Aunque el rol podría ser perfectamente "Encargado del ruido" (y en alumnos pequeños es incluso aconsejable que este sea el cometido único de un miembro de cada grupo), hemos hablado de "Encargado de gestión ambiental" para referirnos a otras vertientes más allá de la emisión sonora: el uso correcto y no excesivo de materiales fungibles, el orden y limpieza al acabar un periodo de trabajo, la salud postural o cuantos elementos consustanciales al trabajo del equipo queramos supervisar y mejorar.

Al hilo de esta consideración, los roles deben:

- estar nítidamente establecidos, con una diferencia de funciones clara, evitando zonas de intersección en las funciones de dos o más roles.

- ser asumidos progresivamente: podemos empezar con perfiles de asignación simples, para progresivamente ir introduciendo variaciones..

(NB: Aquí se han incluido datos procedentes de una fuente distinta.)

lemma round_bad_event_subset_tilted_reach:
  assumes "0 < c" "1 \<le> k" "0 < eps" "robust_p k eps c n0 < 1"
  defines "p \<equiv> robust_p k eps c n0"
    and "\<theta> \<equiv> min (c / (4 * sqrt k)) (1 / 2)"
    and "\<gamma> \<equiv> min (c\<^sup>2 / 8) (c * sqrt k / 4)"
  shows "round_bad_event k eps c n0 \<subseteq>
           {\<omega>. \<exists>j. \<gamma> \<le> (\<Sum>i<j. bernoulli_tilt p \<theta> (\<omega> i))} \<union>
           {\<omega>. \<exists>j. \<gamma> \<le> (\<Sum>i<j. bernoulli_tilt p (- \<theta>) (\<omega> i))}"
proof
  fix \<omega>
  assume "\<omega> \<in> round_bad_event k eps c n0"
  then obtain j where less: "samples \<omega> j < k"
    and dev: "c * sqrt k \<le> \<bar>real (samples \<omega> j) - p * real j\<bar>"
    using round_bad_event_deviation assms(1-4) unfolding p_def by blast
  define S where "S = real (samples \<omega> j)"
  have \<theta>: "0 \<le> \<theta>" "\<theta> \<le> 1"
    using assms(1) by (auto simp: \<theta>_def)
  have d: "0 \<le> c * sqrt k"
    using assms(1) by simp
  have S: "0 \<le> S" "S \<le> k"
    using less by (auto simp: S_def)
  have \<gamma>_le: "\<gamma> \<le> \<theta> * (c * sqrt k - \<theta> * k) / (1 + \<theta>)"
    unfolding \<gamma>_def \<theta>_def using robust_exponent_le_tilt_bound[of c "real k"] assms(1,2) by simp
  have \<gamma>_nonneg: "0 \<le> \<gamma>"
    using assms(1) by (simp add: \<gamma>_def)
  have shrink: "x / (1 + \<theta>) \<le> x" if "0 \<le> x / (1 + \<theta>)" for x
    using that \<theta>(1) by (simp add: divide_le_eq zero_le_divide_iff algebra_simps)
  show "\<omega> \<in> {\<omega>. \<exists>j. \<gamma> \<le> (\<Sum>i<j. bernoulli_tilt p \<theta> (\<omega> i))} \<union>
           {\<omega>. \<exists>j. \<gamma> \<le> (\<Sum>i<j. bernoulli_tilt p (- \<theta>) (\<omega> i))}"
  proof (cases "p * real j \<le> S")
    case True
    then have "p * real j \<le> S - c * sqrt k"
      using dev by (simp add: S_def)
    then have "\<theta> * (c * sqrt k - \<theta> * k) \<le> (\<Sum>i<j. bernoulli_tilt p \<theta> (\<omega> i))"
      using tilted_upper_deviation_ge[OF \<theta> d S] by (simp add: sum_bernoulli_tilt S_def)
    moreover have "\<theta> * (c * sqrt k - \<theta> * k) / (1 + \<theta>) \<le> \<theta> * (c * sqrt k - \<theta> * k)"
      using shrink \<gamma>_le \<gamma>_nonneg by (meson order_trans)
    ultimately have "\<gamma> \<le> (\<Sum>i<j. bernoulli_tilt p \<theta> (\<omega> i))"
      using \<gamma>_le by linarith
    then show ?thesis
      by blast
  next
    case False
    then have "S + c * sqrt k \<le> p * real j"
      using dev by (simp add: S_def)
    then have "\<theta> * (c * sqrt k - \<theta> * k) / (1 + \<theta>) \<le> (\<Sum>i<j. bernoulli_tilt p (- \<theta>) (\<omega> i))"
      using tilted_lower_deviation_ge[OF \<theta>(1) d S] by (simp add: sum_bernoulli_tilt S_def)
    then have "\<gamma> \<le> (\<Sum>i<j. bernoulli_tilt p (- \<theta>) (\<omega> i))"
      using \<gamma>_le by linarith
    then show ?thesis
      by blast
  qed
qed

- ser persistentes en el tiempo (requieren cierto periodo de aprendizaje, y habrá alumnos que resulten más eficaces en el desempeño de uno de dichos roles), pero a la vez rotatorios (la cadencia podría ser también caba trimestre, y coincidiendo con el cambio del equipo base).

Cita

Proponen  Paloma Moruno Torres, Mónica Sánchez Reula y Francisco Zariquiey Biondi en Moruno P., Sánchez M., y Zariquiey F. Biondi. La red de aprendizaje, capítulo 7, p. 24:

"Los primeros roles que asignaremos serán los de formación y funcionamiento. Las funciones que resultan imprescindibles para empezar a trabajar serían: (a) un rol para dirigir las actividades y repartir el turno de palabra (con esto aseguramos que el equipo trabaje de forma ordenada y sin desviaciones); (b) un rol encargado de comunicarse con el docente y los otros grupos, y de recoger los materiales necesarios para el trabajo (así evitamos el movimiento errático de los alumnos por la clase y conseguimos que sólo se pregunte al profesor cuando ninguno de los miembros del grupo conoce la respuesta); (c) un rol para supervisar el nivel del ruido y la implicación en la tarea (de este modo empezamos a dotar a los grupos de la capacidad de autorregularse); y (d) un rol para llevar la agenda grupal y revisar que todos han cumplido con el trabajo (de este modo incidimos en la autogestión del equipo y contribuimos al desarrollo de estrategias metacognitivas)."